[whatwg] [html5] Rendering of interactive content
Benjamin Hawkes-Lewis
bhawkeslewis at googlemail.com
Sun Feb 8 09:44:06 PST 2009
On 8/2/09 13:18, Giovanni Campagna wrote:
> 2009/2/8 Benjamin Hawkes-Lewis <bhawkeslewis at googlemail.com
> <mailto:bhawkeslewis at googlemail.com>>
>
> On 7/2/09 20:07, Giovanni Campagna wrote:
>
> Yes, but what properties should I query for?
>
>
> In order to find out what, precisely?
>
> What to reset, for example (see the first Ian email on this topic)
I don't follow. What to reset when in order to achieve what?
> Their values depend on user agent defaults (which may be anything),
> user preferences (which may be anything), user stylesheets (which
> may be anything), and publisher styles (which may be anything), as
> per the CSS cascade:
>
> I am the author, so at least those values are known.
Well, that's more-or-less true although in practice you don't know what
CSS properties and values the UA implements, so you don't know which it
actually would apply even without a user stylesheet.
> So the only properties I may find useful to know the values
> are UA default, that should be consistent across different platform and
> browser.
I disagree that they "should" be consistent, though obviously there are
market pressures towards making them so and it's helpful to have a
specification for mimicking common presentation.
> http://www.w3.org/TR/CSS21/cascade.html#cascade
>
> In other words, the values cannot be known for sure until you query
> them.
>
> Even if you mandated precise user agent defaults, the values still
> could not be known for sure until you queried them, because of user
> preferences, user stylesheets, and publisher styles.
>
>
> If you mandate strict UA default, and the publisher (I repeat, I am the
> author, I know what I write) overrides them, he may be sure that: either
> it will look as no default style applied at all, or any additional
> property that applies has been set by the user (so it is not my problem,
> he wanted all the <a>s to be purple on yellow background, even if it
> looks horrible to me)
That's true (except for the practical support problem mentioned above),
but that's different to knowing the applied value.
> There's a recursion problem there.
>
> User agents may derive the effects of "appearance" from user-agent
> default stylesheets:
>
> http://www.w3.org/TR/css3-ui/#appearance
>
>
> UA must derive the appearance effects from the user agent skin, widgets
> theme or native platform widgets (ie the common controls on win or the
> Gtk / Qt themes in Linux).

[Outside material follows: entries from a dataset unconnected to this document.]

(* For every $n\ge1$ and every $\lambda>0$, $$F_n(\lambda;\mathbf e_2):=\sum_{p\ge0}u_{n,p}(\mathbf e_2)\lambda^p=\lambda^{n/2}\Big[\mathrm{He}_n\Big(\sqrt\lambda+\tfrac{n}{\sqrt\lambda}\Big)-\tfrac{n}{\sqrt\lambda}\,\mathrm{He}_{n-1}\Big(\sqrt\lambda+\tfrac{n}{\sqrt\lambda}\Big)\Big].$$ Equivalently, $u_{n,p}(\mathbf e_2)=\frac{1}{p!}\sum_{q=0}^p\big(-\tfrac12\big)^q\binom{p}{q}\binom{n-1}{p+q-1}n^{n-p-q}(p+q)!$.
   Context: $u_{n,p}(\mathbf e_2)$ is the number of spanning forests of the complete graph $K_n$ on $n$ labeled vertices having exactly $p$ connected components (trees, isolated vertices included). $\mathrm{He}_s$ are the probabilists' Hermite polynomials, defined by $e^{xz-z^2/2}=\sum_{s\ge0}\mathrm{He}_s(x)z^s/s!$. *)

theory Defs
  imports "HOL-Computational_Algebra.Formal_Power_Series" Complex_Main
begin

definition Kn_edges :: "nat \<Rightarrow> nat set set" where
  "Kn_edges n = {e. \<exists>a b. a < n \<and> b < n \<and> a \<noteq> b \<and> e = {a, b}}"

definition edge_rel :: "nat set set \<Rightarrow> (nat \<times> nat) set" where
  "edge_rel F = {(a, b). {a, b} \<in> F}"

definition is_forest :: "nat set set \<Rightarrow> bool" where
  "is_forest F \<longleftrightarrow> (\<forall>e\<in>F. \<forall>a b. e = {a, b} \<longrightarrow> (a, b) \<notin> (edge_rel (F - {e}))\<^sup>*)"

text \<open>Connected components of the spanning subgraph ({0..<n}, F) (isolated vertices included).\<close>
definition components :: "nat \<Rightarrow> nat set set \<Rightarrow> nat set set" where
  "components n F = {0..<n} // {(a, b). a < n \<and> b < n \<and> (a, b) \<in> (edge_rel F)\<^sup>*}"

definition u_e2 :: "nat \<Rightarrow> nat \<Rightarrow> nat" where
  "u_e2 n p = card {F. F \<subseteq> Kn_edges n \<and> is_forest F \<and> card (components n F) = p}"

Those settings are not part of the UA default
> style sheet, are not necessarily expressed in CSS, and do not take part
> in the cascade.
The draft specification for "appearance" says:
"This specification does not define the term 'platform'.
"For example, it could be the native graphical rendering engine of the
operating system, or it could be a user-agent-specific skin."
As far as I can see, there's nothing in the spec to prevent the
"user-agent-specific skin" being expressed as a user-agent default
stylesheet, or to prevent a user-agent developer interpreting "platform"
as equivalent to the user-agent default stylesheet.
If there is something, please cite it.
> HTML5 should not mandate the UA present <a>s in blue, but it should
> mandate the UA present <a>s like links (appearance:hyperlink).
>
>
> How would you test whether a UA complied with that requirement or
> not? Purely by testing the value of the appearance property applied
> to the element with a default configuration?
>
> 1) you test the conformance to HTML5 by testing the value of appearance
> and the semantics of the element (it must be an hyper-link, if you want
> normative rendering or not)
> 2) you test the conformance to CSS3 UI by testing the look and feel of
> the elements, and comparing it to the standard look and feel for that
> platform, skin, them, etc.
I think the lack of definition of "platform" probably makes (2)
untestable, and that undermines the value of (1).